- _Problem details_
In the entries below, which lines run from the one containing "(numeral n *" to the one containing "proof (induction n)"? Copy exactly those lines, ends included, and no others.

- _Recorded data_
(* Let $\alpha\ne0$ be a nonzero square in $\mathbb{F}_p$ and let $\omega$ be the integer with $1\le\omega\le\frac{p-1}{2}$ and $\omega^2\equiv\alpha\pmod p$. Then in the block $A_\alpha$ of $\mathcal{U}_0(\mathfrak{sl}_2)$ we have $e^{p-\omega}(c-\alpha)=0$ (i.e. $\pi_\alpha e^{p-\omega}(c-\alpha)=0$).
   Context: Let $k$ be an algebraically closed field of characteristic $p>2$, $\mathfrak{sl}_2=\mathfrak{sl}_2(k)$ with standard basis $e,f,h$, and $\mathcal{U}_0(\mathfrak{sl}_2)=\mathcal{U}(\mathfrak{sl}_2)/\langle e^p,f^p,h^p-h\rangle$. $c=(h-1)^2+4ef$ is central. $\mathcal{U}_0(\mathfrak{sl}_2)=\bigoplus_\alpha A_\alpha$ is the block decomposition, $A_\alpha=\pi_\alpha\mathcal{U}_0(\mathfrak{sl}_2)$ with central idempotents $\pi_\alpha$, where $\alpha\in\mathbb{F}_p$ is the scalar by which $c$ acts on the simple modules of the block. *)

theory Defs
  imports "HOL-Computational_Algebra.Polynomial"
begin

definition k_algebra_map :: "('k::field \<Rightarrow> 'a::ring_1) \<Rightarrow> bool" where
  "k_algebra_map \<phi> \<longleftrightarrow> \<phi> 1 = 1 \<and> (\<forall>x y. \<phi> (x + y) = \<phi> x + \<phi> y)
      \<and> (\<forall>x y. \<phi> (x * y) = \<phi> x * \<phi> y) \<and> (\<forall>x a. \<phi> x * a = a * \<phi> x)"

inductive_set subalg_gen :: "('k \<Rightarrow> 'a::ring_1) \<Rightarrow> 'a set \<Rightarrow> 'a set" for \<phi> S where
  scal: "\<phi> x \<in> subalg_gen \<phi> S"
| gen: "s \<in> S \<Longrightarrow> s \<in> subalg_gen \<phi> S"
| add: "a \<in> subalg_gen \<phi> S \<Longrightarrow> b \<in> subalg_gen \<phi> S \<Longrightarrow> a + b \<in> subalg_gen \<phi> S"
| mult: "a \<in> subalg_gen \<phi> S \<Longrightarrow> b \<in> subalg_gen \<phi> S \<Longrightarrow> a * b \<in> subalg_gen \<phi> S"

text \<open>The universal such algebra is
  U_0(sl_2) itself; every other one is a quotient of it.\<close>
definition U0_sl2_alg :: "nat \<Rightarrow> ('k::field \<Rightarrow> 'a::ring_1) \<Rightarrow> 'a \<Rightarrow> 'a \<Rightarrow> 'a \<Rightarrow> bool" where
  "U0_sl2_alg p \<phi> e f h \<longleftrightarrow> k_algebra_map \<phi>
     \<and> subalg_gen \<phi> {e, f, h} = UNIV
     \<and> e * f - f * e = h \<and> h * e - e * h = 2 * e \<and> h * f - f * h = - (2 * f)
     \<and> e ^ p = 0 \<and> f ^ p = 0 \<and> h ^ p = h"

definition casimir :: "'a::ring_1 \<Rightarrow> 'a \<Rightarrow> 'a \<Rightarrow> 'a" where
  "casimir e f h = (h - 1)^2 + 4 * e * f"

text \<open>The block idempotent \<pi>_\<alpha>: the central idempotent cutting out the sum of the blocks
  on whose simple modules c acts by the scalar \<alpha>, i.e. the central idempotent z such that
  c - \<alpha> is nilpotent on zA and invertible on (1-z)A.\<close>
definition block_idem :: "'a::ring_1 \<Rightarrow> 'a \<Rightarrow> 'a \<Rightarrow> int \<Rightarrow> 'a" where
  "block_idem e f h \<alpha> = (THE z. z * z = z \<and> (\<forall>x. z * x = x * z)
      \<and> (\<exists>N::nat. (casimir e f h - of_int \<alpha>) ^ N * z = 0)
      \<and> (\<exists>y. (casimir e f h - of_int \<alpha>) * y = 1 - z))"

end

theory Submission
  imports Defs "HOL-Number_Theory.Cong"
begin

text \<open>
  Since \<open>h\<^sup>p = h\<close>, the elements \<open>\<delta>(a) = 1 - (h - a)\<^bsup>p-1\<^esup>\<close> for \<open>a \<in> F\<^sub>p\<close> split the
  algebra into \<open>h\<close>-weight spaces: \<open>h \<delta>(a) = a \<delta>(a)\<close>, \<open>\<Sum>\<^sub>a \<delta>(a) = 1\<close> and
  \<open>\<delta>(a) f = f \<delta>(a + 2)\<close>. As \<open>4ef = c - (h - 1)\<^sup>2\<close> with \<open>c\<close> central, this gives
  \<open>(4e)\<^sup>k f\<^sup>k \<delta>(a) = R(a,k)(c) \<delta>(a)\<close> where \<open>R(a,k) = \<Prod>\<^sub>j\<^sub><\<^sub>k (X - (a - 1 - 2j)\<^sup>2)\<close>.

  For \<open>k = p\<close> the values \<open>a - 1 - 2j\<close> run through all of \<open>F\<^sub>p\<close>, so \<open>e\<^sup>p = 0\<close> yields
  \<open>K(c) = 0\<close> for \<open>K = \<Prod>\<^sub>s (X - s\<^sup>2) = (X - \<alpha>)\<^sup>2 Q\<close> with \<open>Q(\<alpha>) \<noteq> 0\<close>; a Bezout
  relation \<open>u (X - \<alpha>)\<^sup>2 + v Q = 1\<close> then identifies \<open>\<pi>\<^sub>\<alpha>\<close> with \<open>v(c) Q(c)\<close>.
  For \<open>k = \<omega>\<close> the \<open>\<omega>\<close> values \<open>a - 1 - 2j\<close> never contain both \<open>\<omega>\<close> and \<open>-\<omega>\<close>, so
  \<open>R(a,\<omega>)\<close> divides \<open>(X - \<alpha>) Q\<close>, and \<open>e\<^bsup>p-\<omega>\<^esup> e\<^sup>\<omega> = 0\<close> yields
  \<open>e\<^bsup>p-\<omega>\<^esup> (c - \<alpha>) Q(c) = 0\<close>, hence \<open>\<pi>\<^sub>\<alpha> e\<^bsup>p-\<omega>\<^esup> (c - \<alpha>) = 0\<close>.
\<close>

lemma numeral_mult_commute: "numeral n * (x::'a::ring_1) = x * numeral n"
  by (metis mult_of_nat_commute of_nat_numeral)

lemma numeral_power_mult_commute: "numeral n ^ k * (x::'a::ring_1) = x * numeral n ^ k"
  by (metis mult_of_nat_commute of_nat_numeral of_nat_power)

lemma mult_numeral_left_commute: "(x::'a::ring_1) * (numeral n * y) = numeral n * (x * y)"
  by (metis mult.assoc numeral_mult_commute)

lemma power_mult_commuting:
  fixes x y :: "'a::monoid_mult"
  assumes "x * y = y * x"
  shows "(x * y) ^ n = x ^ n * y ^ n"
proof (induction n)
  case (Suc n)
  have "y * x ^ n = x ^ n * y"
    using power_commuting_commutes[OF assms] by simp
  then show ?case
    by (simp add: Suc mult.assoc flip: mult.assoc[of y])
qed simp

lemma idempotent_power_Suc: "q * q = (q::'a::monoid_mult) \<Longrightarrow> q ^ Suc n = q"
  by (induction n) (simp_all add: mult.assoc flip: power_Suc2)

section \<open>Block idempotents\<close>

definition block_idempotent :: "'a::ring_1 \<Rightarrow> 'a \<Rightarrow> bool" where
  "block_idempotent t z \<longleftrightarrow> z * z = z \<and> (\<forall>x. z * x = x * z)
     \<and> (\<exists>N. t ^ N * z = 0) \<and> (\<exists>y. t * y = 1 - z)"

lemma block_idempotent_absorb:
  assumes t: "\<And>x. t * x = x * t"
    and z: "block_idempotent t z" and z': "block_idempotent t z'"
  shows "z * z' = z"
proof -
  obtain N where N: "t ^ N * z = 0" and z_central: "\<And>x. z * x = x * z"
    using z unfolding block_idempotent_def by blast
  obtain y where y: "t * y = 1 - z'" and "z' * z' = z'"
    using z' unfolding block_idempotent_def by blast
  then have "(1 - z') * (1 - z') = 1 - z'"
    by (simp add: algebra_simps)
  then have "1 - z' = (t * y) ^ Suc N"
    by (simp only: y idempotent_power_Suc)
  also have "\<dots> = t ^ N * (t * y ^ Suc N)"
    by (simp only: power_mult_commuting[OF t] power_Suc2[of t] mult.assoc)
  finally have "z * (1 - z') = (t ^ N * z) * (t * y ^ Suc N)"
    by (metis z_central mult.assoc)
  then show ?thesis
    by (simp add: N right_diff_distrib)
qed

lemma block_idempotent_unique:
  assumes "\<And>x. t * x = x * t" and "block_idempotent t z" and "block_idempotent t z'"
  shows "z = z'"
proof -
  have "z = z * z'"
    using block_idempotent_absorb assms by metis
  also have "\<dots> = z' * z"
    using \<open>block_idempotent t z\<close> by (simp add: block_idempotent_def)
  also have "\<dots> = z'"
    using block_idempotent_absorb assms by metis
  finally show ?thesis .
qed

lemma block_idem_eqI:
  assumes "\<And>x. casimir e f h * x = x * casimir e f h"
    and "block_idempotent (casimir e f h - of_int \<alpha>) z"
  shows "block_idem e f h \<alpha> = z"
proof -
  have "(casimir e f h - of_int \<alpha>) * x = x * (casimir e f h - of_int \<alpha>)" for x
    using assms(1) by (simp add: algebra_simps mult_of_int_commute)
  then show ?thesis
    unfolding block_idem_def block_idempotent_def[symmetric]
    using assms(2) by (blast intro: the_equality block_idempotent_unique)
qed

section \<open>The prime subring in prime characteristic\<close>

abbreviation prime_subring :: "'a::ring_1 set" where
  "prime_subring \<equiv> range of_int"

lemma of_int_power_CHAR:
  assumes "prime CHAR('a::comm_ring_1)"
  shows "(of_int m :: 'a) ^ CHAR('a) = of_int m"
proof (induction m rule: int_induct[of _ 0])
  case base
  show ?case
    using prime_gt_0_nat[OF assms] by (simp add: power_0_left)
next
  case (step1 i)
  then show ?case
    using freshmans_dream[OF assms refl, of "of_int i" 1] by simp
next
  case (step2 i)
  then show ?case
    using freshmans_dream[OF assms refl, of "of_int i" "-1"]
      minus_power_prime_CHAR[OF refl assms, of 1] by simp
qed

lemma prime_subring_eq_of_nat_image:
  assumes "CHAR('a::ring_1) > 0"
  shows "(prime_subring :: 'a set) = of_nat ` {..<CHAR('a)}"
proof (intro equalityI subsetI)
  fix x :: 'a assume "x \<in> prime_subring"
  then obtain m where "x = of_int m" by auto
  also have "\<dots> = of_int (m mod int CHAR('a))"
    by (simp add: of_int_eq_iff_cong_CHAR cong_def)
  also have "\<dots> = of_nat (nat (m mod int CHAR('a)))"
    using assms by simp
  finally have "x = of_nat (nat (m mod int CHAR('a)))" .
  moreover have "nat (m mod int CHAR('a)) < CHAR('a)"
    using assms by (simp add: nat_less_iff)
  ultimately show "x \<in> of_nat ` {..<CHAR('a)}"
    by blast
next
  fix x :: 'a assume "x \<in> of_nat ` {..<CHAR('a)}"
  then show "x \<in> prime_subring"
    by (auto intro: range_eqI[of _ _ "int _"])
qed

lemma inj_on_of_nat_CHAR: "inj_on (of_nat :: nat \<Rightarrow> 'a::ring_1) {..<CHAR('a)}"
  by (auto intro!: inj_onI cong_less_modulus_unique_nat simp: of_nat_eq_iff_cong_CHAR)

lemma finite_prime_subring:
  "CHAR('a::ring_1) > 0 \<Longrightarrow> finite (prime_subring :: 'a set)"
  by (simp add: prime_subring_eq_of_nat_image)

lemma card_prime_subring:
  "CHAR('a::ring_1) > 0 \<Longrightarrow> card (prime_subring :: 'a set) = CHAR('a)"
  by (simp add: prime_subring_eq_of_nat_image card_image inj_on_of_nat_CHAR)

lemma uminus_prime_subring_remove:
  "uminus ` (prime_subring - {w}) = (prime_subring - {- w} :: 'a::ring_1 set)"
proof (intro equalityI subsetI)
  fix x :: 'a assume "x \<in> uminus ` (prime_subring - {w})"
  then obtain m where "x = - of_int m" and "of_int m \<noteq> w"
    by auto
  then show "x \<in> prime_subring - {- w}"
    by (auto intro: range_eqI[of _ _ "- m"])
next
  fix x :: 'a assume "x \<in> prime_subring - {- w}"
  then have "- x \<in> prime_subring - {w}"
    by (auto simp flip: of_int_minus)
  then show "x \<in> uminus ` (prime_subring - {w})"
    by (rule rev_image_eqI) simp
qed

lemma prime_subring_power_CHAR_minus_1:
  assumes "prime CHAR('a::field)" and "x \<in> prime_subring" and "x \<noteq> (0::'a)"
  shows "x ^ (CHAR('a) - 1) = 1"
proof -
  have "x * x ^ (CHAR('a) - 1) = x * 1"
    using assms of_int_power_CHAR[OF assms(1)] prime_gt_0_nat[OF assms(1)]
    by (auto simp flip: power_Suc)
  then show ?thesis
    using assms(3) by simp
qed

lemma linear_poly_power_CHAR:
  fixes a :: "'a::comm_ring_1"
  assumes "prime CHAR('a)" and "a \<in> prime_subring"
  shows "[:-a, 1:] ^ CHAR('a) = [:-a:] + [:0, 1:] ^ CHAR('a)"
proof -
  obtain m where "-a = of_int m"
    using assms(2) by (metis of_int_minus rangeE)
  then have "(-a) ^ CHAR('a) = -a"
    by (simp only: of_int_power_CHAR[OF assms(1)])
  moreover have "[:-a, 1:] = [:-a:] + [:0, 1::'a:]"
    by simp
  ultimately show ?thesis
    using freshmans_dream[where x = "[:-a:]" and y = "[:0, 1:]"] assms(1)
    by (simp add: poly_const_pow)
qed

text \<open>By Fermat, \<open>1 - (X - a)\<^bsup>p-1\<^esup>\<close> is the Lagrange basis polynomial of \<open>a\<close> on \<open>F\<^sub>p\<close>.\<close>

lemma sum_prime_subring_lagrange:
  assumes "prime CHAR('a::field)"
  shows "(\<Sum>a\<in>prime_subring. 1 - [:-a, 1:] ^ (CHAR('a) - 1)) = (1 :: 'a poly)"
proof (rule poly_eqI_degree[where A = prime_subring])
  have p: "CHAR('a) > 1"
    using assms prime_gt_1_nat by blast
  then show "card (prime_subring :: 'a set) > degree (1 :: 'a poly)"
    by (simp add: card_prime_subring)
  have fin: "finite (prime_subring :: 'a set)"
    using p by (simp add: finite_prime_subring)
  have "degree (\<Sum>a\<in>prime_subring. 1 - [:-a, 1::'a:] ^ (CHAR('a) - 1)) \<le> CHAR('a) - 1"
    by (intro degree_sum_le order.trans[OF degree_diff_le_max])
      (auto intro: order.trans[OF degree_power_le] simp: fin)
  then show "card (prime_subring :: 'a set) >
      degree (\<Sum>a\<in>prime_subring. 1 - [:-a, 1::'a:] ^ (CHAR('a) - 1))"
    using p by (simp add: card_prime_subring)
  fix b :: 'a assume b: "b \<in> prime_subring"
  have "poly (1 - [:-a, 1:] ^ (CHAR('a) - 1)) b = (if a = b then 1 else 0)"
    if "a \<in> prime_subring" for a
  proof -
    have "b - a \<in> prime_subring"
      using b that by (auto intro: range_eqI[of _ _ "_ - _"])
    then show ?thesis
      using p prime_subring_power_CHAR_minus_1[OF assms, of "b - a"] by simp
  qed
  then show "poly (\<Sum>a\<in>prime_subring. 1 - [:-a, 1:] ^ (CHAR('a) - 1)) b = poly 1 b"
      using b fin by (simp add: poly_sum)
qed

section \<open>Evaluating polynomials in a \<open>k\<close>-algebra\<close>

locale k_algebra =
  fixes \<phi> :: "'k::field \<Rightarrow> 'a::ring_1"
  assumes algebra_map: "k_algebra_map \<phi>"
begin

lemma map_1 [simp]: "\<phi> 1 = 1"
  and map_add [simp]: "\<phi> (x + y) = \<phi> x + \<phi> y"
  and map_mult [simp]: "\<phi> (x * y) = \<phi> x * \<phi> y"
  and map_central: "\<phi> x * b = b * \<phi> x"
  using algebra_map unfolding k_algebra_map_def by blast+

lemma map_0 [simp]: "\<phi> 0 = 0"
  using map_add[of 0 0] by (simp only: add_0_left add_cancel_right_right)

lemma map_uminus [simp]: "\<phi> (- x) = - \<phi> x"
  using map_add[of "- x" x] by (simp add: eq_neg_iff_add_eq_0)

lemma map_diff [simp]: "\<phi> (x - y) = \<phi> x - \<phi> y"
  using map_add[of x "- y"] by simp

lemma map_of_nat [simp]: "\<phi> (of_nat n) = of_nat n"
  by (induction n) simp_all

lemma map_of_int [simp]: "\<phi> (of_int m) = of_int m"
  by (cases m) simp_all

lemma map_numeral [simp]: "\<phi> (numeral n) = numeral n"
  using map_of_nat[of "numeral n"] by simp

- _Solution for this task_
lemma mult_numeral_left_commute: "(x::'a::ring_1) * (numeral n * y) = numeral n * (x * y)"
  by (metis mult.assoc numeral_mult_commute)

lemma power_mult_commuting:
  fixes x y :: "'a::monoid_mult"
  assumes "x * y = y * x"
  shows "(x * y) ^ n = x ^ n * y ^ n"
proof (induction n)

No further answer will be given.